**Exercise requirements:** Copy out each line of the data that includes the string "True".

(Beginning of Provided data)

lemma rename_y_id [simp]: "rename_y id u = fg_reduce u"
proof -
  have "rename_y_letter id l = [(True, l)]" for l
    by (cases l) simp_all
  then have "concat (map (fg_subst_letter (rename_y_letter id)) u) = u"
    by (induction u) (auto simp: fg_subst_letter_def fg_inv_eq)
  then show ?thesis by (simp add: rename_y_def fg_subst_eq)
qed

section \<open>Automorphisms permuting the generators up to \<open>y\<close>-tails\<close>

datatype xy_aut =
  XYAut (x_idx: "nat \<Rightarrow> nat") (y_idx: "nat \<Rightarrow> nat") (x_tail: "nat \<Rightarrow> fletter fword")

fun xy_images :: "xy_aut \<Rightarrow> fletter \<Rightarrow> fletter fword" where
  "xy_images t (FX k) = (True, FX (x_idx t k)) # x_tail t k"
| "xy_images t (FY k) = [(True, FY (y_idx t k))]"

text \<open>\<open>xy_comp t t'\<close> is \<open>t\<close> followed by \<open>t'\<close>, the composition order used for \<open>\<Theta>\<close>.\<close>

definition xy_comp :: "xy_aut \<Rightarrow> xy_aut \<Rightarrow> xy_aut" where
  "xy_comp t t' = XYAut (x_idx t' \<circ> x_idx t) (y_idx t' \<circ> y_idx t)
     (\<lambda>k. fg_mult (x_tail t' (x_idx t k)) (rename_y (y_idx t') (x_tail t k)))"

definition xy_id :: xy_aut where
  "xy_id = XYAut id id (\<lambda>_. [])"

definition xy_wf :: "xy_aut \<Rightarrow> bool" where
  "xy_wf t \<longleftrightarrow> (\<forall>k. fg_reduced (x_tail t k) \<and> y_word (x_tail t k))"

lemma x_idx_comp [simp]: "x_idx (xy_comp t t') k = x_idx t' (x_idx t k)"
  and y_idx_comp [simp]: "y_idx (xy_comp t t') k = y_idx t' (y_idx t k)"
  and x_tail_comp [simp]:
    "x_tail (xy_comp t t') k = fg_mult (x_tail t' (x_idx t k)) (rename_y (y_idx t') (x_tail t k))"
  and x_idx_id [simp]: "x_idx xy_id k = k"
  and y_idx_id [simp]: "y_idx xy_id k = k"
  and x_tail_id [simp]: "x_tail xy_id k = []"
  by (simp_all add: xy_comp_def xy_id_def)

lemma xy_wf_comp [simp]: "xy_wf t \<Longrightarrow> xy_wf t' \<Longrightarrow> xy_wf (xy_comp t t')"
  and xy_wf_id [simp]: "xy_wf xy_id"
  by (simp_all add: xy_wf_def)

lemma xy_comp_assoc: "xy_comp (xy_comp t t') t'' = xy_comp t (xy_comp t' t'')"
  by (simp add: xy_comp_def o_def)

lemma xy_comp_id_left: "xy_wf t \<Longrightarrow> xy_comp xy_id t = t"
  and xy_comp_id_right: "xy_wf t \<Longrightarrow> xy_comp t xy_id = t"
  by (cases t; simp add: xy_comp_def xy_id_def xy_wf_def)+

lemma fg_subst_xy_images_y_word: "y_word u \<Longrightarrow> fg_subst (xy_images t) u = rename_y (y_idx t) u"
  unfolding rename_y_def by (rule fg_subst_cong) (auto simp: y_word_def)

lemma fg_push_FX_y_word: "y_word u \<Longrightarrow> fg_push (True, FX m) u = (True, FX m) # u"
  by (cases u) (auto simp: y_word_def fg_push_Cons)

lemma xy_images_comp:
  assumes "xy_wf t" and "xy_wf t'"
  shows "fg_subst (xy_images t') (xy_images t l) = xy_images (xy_comp t t') l"
proof (cases l)
  case (FX k)
  have y: "y_word (x_tail t k)" "y_word (x_tail t' (x_idx t k))"
    and r: "fg_reduced (x_tail t' (x_idx t k))"
    using assms by (auto simp: xy_wf_def)
  have "fg_subst (xy_images t') (xy_images t l)
      = fg_push (True, FX (x_idx t' (x_idx t k))) (x_tail (xy_comp t t') k)"
    using FX y r
    by (simp add: fg_subst_Cons fg_subst_letter_def fg_subst_xy_images_y_word fg_mult_def fg_reduce_def)
  then show ?thesis
    using FX y by (simp add: fg_push_FX_y_word)
qed simp

section \<open>Supported automorphisms\<close>

definition xy_supported :: "nat set \<Rightarrow> xy_aut \<Rightarrow> bool" where
  "xy_supported S t \<longleftrightarrow> x_idx t = id \<and> y_idx t = id \<and> (\<forall>k. k \<notin> S \<longrightarrow> x_tail t k = [])"

lemma xy_supported_id: "xy_supported S xy_id"
  by (simp add: xy_supported_def xy_id_def)

lemma xy_supported_comp:
  "xy_supported S t \<Longrightarrow> xy_supported S t' \<Longrightarrow> xy_supported S (xy_comp t t')"
  by (auto simp: xy_supported_def xy_comp_def)

lemma xy_supported_inverse:
  assumes t: "xy_supported S t" and wf: "xy_wf t'" and inverse: "xy_comp t t' = xy_id"
  shows "xy_supported S t'"
proof -
  have "x_idx (xy_comp t t') = x_idx xy_id" "y_idx (xy_comp t t') = y_idx xy_id"
    using inverse by simp_all
  then have idx: "x_idx t' = id" "y_idx t' = id"
    using t by (simp_all add: xy_supported_def fun_eq_iff)
  have "x_tail t' k = []" if "k \<notin> S" for k
  proof -
    have "fg_mult (x_tail t' k) (x_tail t k) = []"
      using arg_cong[OF inverse, of "\<lambda>s. x_tail s k"] t idx by (simp add: xy_supported_def)
    then show ?thesis
      using t that wf by (simp add: xy_supported_def xy_wf_def)
  qed
  then show ?thesis using idx by (simp add: xy_supported_def)
qed

lemma xy_supported_commutator:
  assumes h: "xy_supported S h" and k: "xy_supported T k"
    and wf: "xy_wf h" "xy_wf h'" "xy_wf k" "xy_wf k'"
    and h': "xy_comp h h' = xy_id" and k': "xy_comp k k' = xy_id"
  shows "xy_supported (S \<inter> T) (xy_comp (xy_comp (xy_comp h k) h') k')"
proof -
  have sh': "xy_supported S h'" and sk': "xy_supported T k'"
    using xy_supported_inverse h k wf h' k' by blast+
  have reduced: "fg_reduce (x_tail t j) = x_tail t j" if "xy_wf t" for t j
    using that by (simp add: xy_wf_def)
  have tail_inv: "fg_mult (x_tail h' j) (x_tail h j) = []"
    "fg_mult (x_tail k' j) (x_tail k j) = []" for j
    using arg_cong[OF h', of "\<lambda>t. x_tail t j"] arg_cong[OF k', of "\<lambda>t. x_tail t j"] h k sh' sk'
    by (simp_all add: xy_supported_def)
  have tail: "x_tail (xy_comp (xy_comp (xy_comp h k) h') k') j
      = fg_mult (x_tail k' j) (fg_mult (x_tail h' j) (fg_mult (x_tail k j) (x_tail h j)))" for j
    using h k sh' sk' by (simp add: xy_supported_def)
  have "x_tail (xy_comp (xy_comp (xy_comp h k) h') k') j = []" if "j \<notin> S \<inter> T" for j
  proof (cases "j \<in> S")
    case False
    then have "x_tail h j = []" "x_tail h' j = []" using h sh' by (auto simp: xy_supported_def)
    then show ?thesis unfolding tail using tail_inv by simp
  next
    case True
    then have "x_tail k j = []" "x_tail k' j = []" using that k sk' by (auto simp: xy_supported_def)
    then show ?thesis unfolding tail using tail_inv by simp
  qed
  then show ?thesis using h k sh' sk' by (simp add: xy_supported_def fun_eq_iff)
qed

(End of Provided data)

**Your solution:**
  have "rename_y_letter id l = [(True, l)]" for l
  "xy_images t (FX k) = (True, FX (x_idx t k)) # x_tail t k"
| "xy_images t (FY k) = [(True, FY (y_idx t k))]"
lemma fg_push_FX_y_word: "y_word u \<Longrightarrow> fg_push (True, FX m) u = (True, FX m) # u"
      = fg_push (True, FX (x_idx t' (x_idx t k))) (x_tail (xy_comp t t') k)"
    case True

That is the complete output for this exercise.